O “Quadratura do Círculo” desta semana tratou largamente do Orçamento
de Estado e da controvérsia em torno das suas eventuais feridas de
inconstitucionalidade. Teve, a meu ver, três momentos especialmente dignos de
registo. O primeiro é resumível numa questão essencial deixada no ar por
António Costa: “Uma das coisas mais curiosas que a História há de um
dia explicar é como é que uma crise financeira se converteu numa crise das
dívidas soberanas”. Têmo-la tratado assiduamente neste espaço, mas será da
máxima pertinência que procuremos prosseguir na sua dissecação e clarificação.

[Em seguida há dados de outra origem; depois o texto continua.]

lemma exists_grid_oscillation_weight:
  fixes f :: "real \<times> real \<Rightarrow> real"
  assumes "finite_measure \<mu>" "sets \<mu> = sets borel" "0 < T"
    and f_cont: "continuous_on (UNIV \<times> {0..T}) f"
    and f_bound: "\<And>p. p \<in> UNIV \<times> {0..T} \<Longrightarrow> \<bar>f p\<bar> \<le> M" and "0 < \<epsilon>"
  obtains K e where "0 < K" "continuous_on UNIV e" "bounded (range e)" "integral\<^sup>L \<mu> e < \<epsilon>"
    "\<And>x s j. s \<in> {0..T} \<Longrightarrow> j \<le> K \<Longrightarrow> \<bar>s - grid T K j\<bar> \<le> T / real K \<Longrightarrow>
       \<bar>f (x, s) - f (x, grid T K j)\<bar> \<le> e x"
proof -
  obtain \<eta> R where "0 < \<eta>" and small: "integral\<^sup>L \<mu> (\<lambda>x. \<eta> + 2 * M * tail_cutoff R x) < \<epsilon>"
    using exists_small_tail_error[OF assms(1,2) \<open>0 < \<epsilon>\<close>] by blast
  define e where "e = (\<lambda>x. \<eta> + 2 * M * tail_cutoff R x)"
  have e_cont: "continuous_on UNIV e"
    unfolding e_def by (intro continuous_intros continuous_on_tail_cutoff)
  have "\<bar>e x\<bar> \<le> \<eta> + 2 * \<bar>M\<bar>" for x
  proof -
    have "\<bar>2 * M * tail_cutoff R x\<bar> \<le> 2 * \<bar>M\<bar>"
      using tail_cutoff_bounds[of R x] by (simp add: abs_mult mult_left_le)
    then show ?thesis
      using abs_triangle_ineq[of \<eta> "2 * M * tail_cutoff R x"] \<open>0 < \<eta>\<close> by (simp add: e_def)
  qed
  then have e_bdd: "bounded (range e)"
    by (auto simp: bounded_iff)
  obtain \<delta> where "0 < \<delta>" and oscillation: "\<And>x s s'. s \<in> {0..T} \<Longrightarrow> s' \<in> {0..T} \<Longrightarrow>
      \<bar>s - s'\<bar> < \<delta> \<Longrightarrow> \<bar>f (x, s) - f (x, s')\<bar> \<le> e x"
    using uniform_oscillation_tail_bound[OF f_cont f_bound \<open>0 < \<eta>\<close>, of R] by (auto simp: e_def)
  obtain K :: nat where K: "T / \<delta> < real K" using reals_Archimedean2 by blast
  moreover have "0 < T / \<delta>" using \<open>0 < T\<close> \<open>0 < \<delta>\<close> by simp
  ultimately have K_pos: "0 < real K" by linarith
  have "T / real K < \<delta>" using K K_pos \<open>0 < \<delta>\<close> by (simp add: field_simps)
  then have "\<bar>f (x, s) - f (x, grid T K j)\<bar> \<le> e x"
    if "s \<in> {0..T}" "j \<le> K" "\<bar>s - grid T K j\<bar> \<le> T / real K" for x s j
    using oscillation[OF that(1) grid_in_interval[OF _ that(2)]] that(3) \<open>0 < T\<close> by simp
  with K_pos e_cont e_bdd small show ?thesis
    by (intro that[of K e]) (simp_all add: e_def)
qed
lemma walk_betw_rev: "walk_betw x y xs \<Longrightarrow> walk_betw y x (rev xs)"
  unfolding walk_betw_def by (auto simp: hd_rev last_rev intro: walk_rev adjacent_sym)

lemma walk_betw_append: "walk_betw x y xs \<Longrightarrow> walk_betw y z ys \<Longrightarrow> walk_betw x z (xs @ tl ys)"
  unfolding walk_betw_def by (cases ys) (auto simp: walk_append walk_Cons)

lemma gdist_eq_Least: "gdist V E x y = (LEAST n. \<exists>xs. walk_betw x y xs \<and> length xs = Suc n)"
  unfolding gdist_def walk_betw_def by simp

lemma gdist_le_walk: "walk_betw x y xs \<Longrightarrow> gdist V E x y \<le> length xs - 1"
  unfolding gdist_eq_Least by (rule Least_le) (auto simp: walk_betw_def)

lemma shortest_walk:
  assumes "x \<in> V" "y \<in> V"
  obtains xs where "walk_betw x y xs" "length xs = Suc (gdist V E x y)"
proof -
  obtain xs where "walk_betw x y xs" using walk_betw_exists assms by blast
  then have "walk_betw x y xs \<and> length xs = Suc (length xs - 1)"
    by (cases xs) (auto simp: walk_betw_def)
  then have "\<exists>n xs. walk_betw x y xs \<and> length xs = Suc n" by blast
  then have "\<exists>xs. walk_betw x y xs \<and> length xs = Suc (gdist V E x y)"
    unfolding gdist_eq_Least by (rule LeastI_ex)
  with that show ?thesis by blast
qed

O segundo momento decorreu da leitura da
situação política longamente desenvolvida por Pacheco Pereira. Tento seguidamente sintetizá-la
numa dúzia de curtos tópicos:
·
A recente aprovação de um orçamento “inexequível”.
·
Um orçamento que vai ser um “fator de perturbação
política profunda” e ameaçar seriamente “a própria sobrevivência do Governo”.
·
Um orçamento com “uma solução unanimemente criticada,
até por uma parte da Troika”.
·
“Quando este orçamento cair em cima das pessoas, as
pessoas vão deixar de ter vida económica”.
·
“O que o primeiro-ministro anunciou na entrevista é um
novo pacote de austeridade, não tem outro nome, não adianta virem com tretas
sobre a refundação do Estado”.
·
“Este programa só se percebe se o seu sujeito for
outro, para além deste Governo”.
·
A exemplificação com um banco alemão que tenha
emprestado dinheiro a Portugal e que, compreensivelmente, quer receber esse
dinheiro: ele “está-se absolutamente marimbando (…) sobre como é que os portugueses
vivem ou não vivem (…), ele quer que o país tenha excedentes para poder pagar a
dívida”.
·
A ideia de que, à pura necessidade do banco, se
acrescenta uma “dimensão política”, da senhora Merkel à Europa.
·
“Este discurso político não vê a gravidade da situação”
e
corresponde a uma política que “tem um único objetivo, que é garantir que nós
tenhamos dinheiro para pagar as dívidas”.
·
“Nós estamos no mesmo caminho da Grécia com um atraso
de um ano ou dois”.
·
A explicitação de que este plano não tem lógica
económica, social, política, portuguesa, nem sequer uma verdadeira lógica
ideológica – ele só se percebe “da necessidade do sistema financeiro que se lhe
pague”, “uma lógica pura de credor”.
·
“E como os credores estão representados ao mais alto nível
pelo primeiro-ministro – que anda um bocado a ver navios nesta coisa, mas que
incorporou esta realidade e não tem outra – e o ministro das Finanças – que a
incorpora inteiramente –, isto vai dar torto”…
O terceiro momento que selecionei nasce das críticas contundentes
de Pacheco Pereira ao Partido Socialista, designadamente “frouxo” e “sem nexo”
enquanto oposição. Ao que António Costa reagiu com graça, nestes termos:
“Eu
não posso acompanhar, obviamente, o Pacheco Pereira nos termos em que ele
costuma falar sobre o PS. Mas há aqui uma diferença de fundo entre nós: é que o
Pacheco Pereira é estruturalmente um radical e eu, de facto, sou
estruturalmente um reformista.” Muito bom!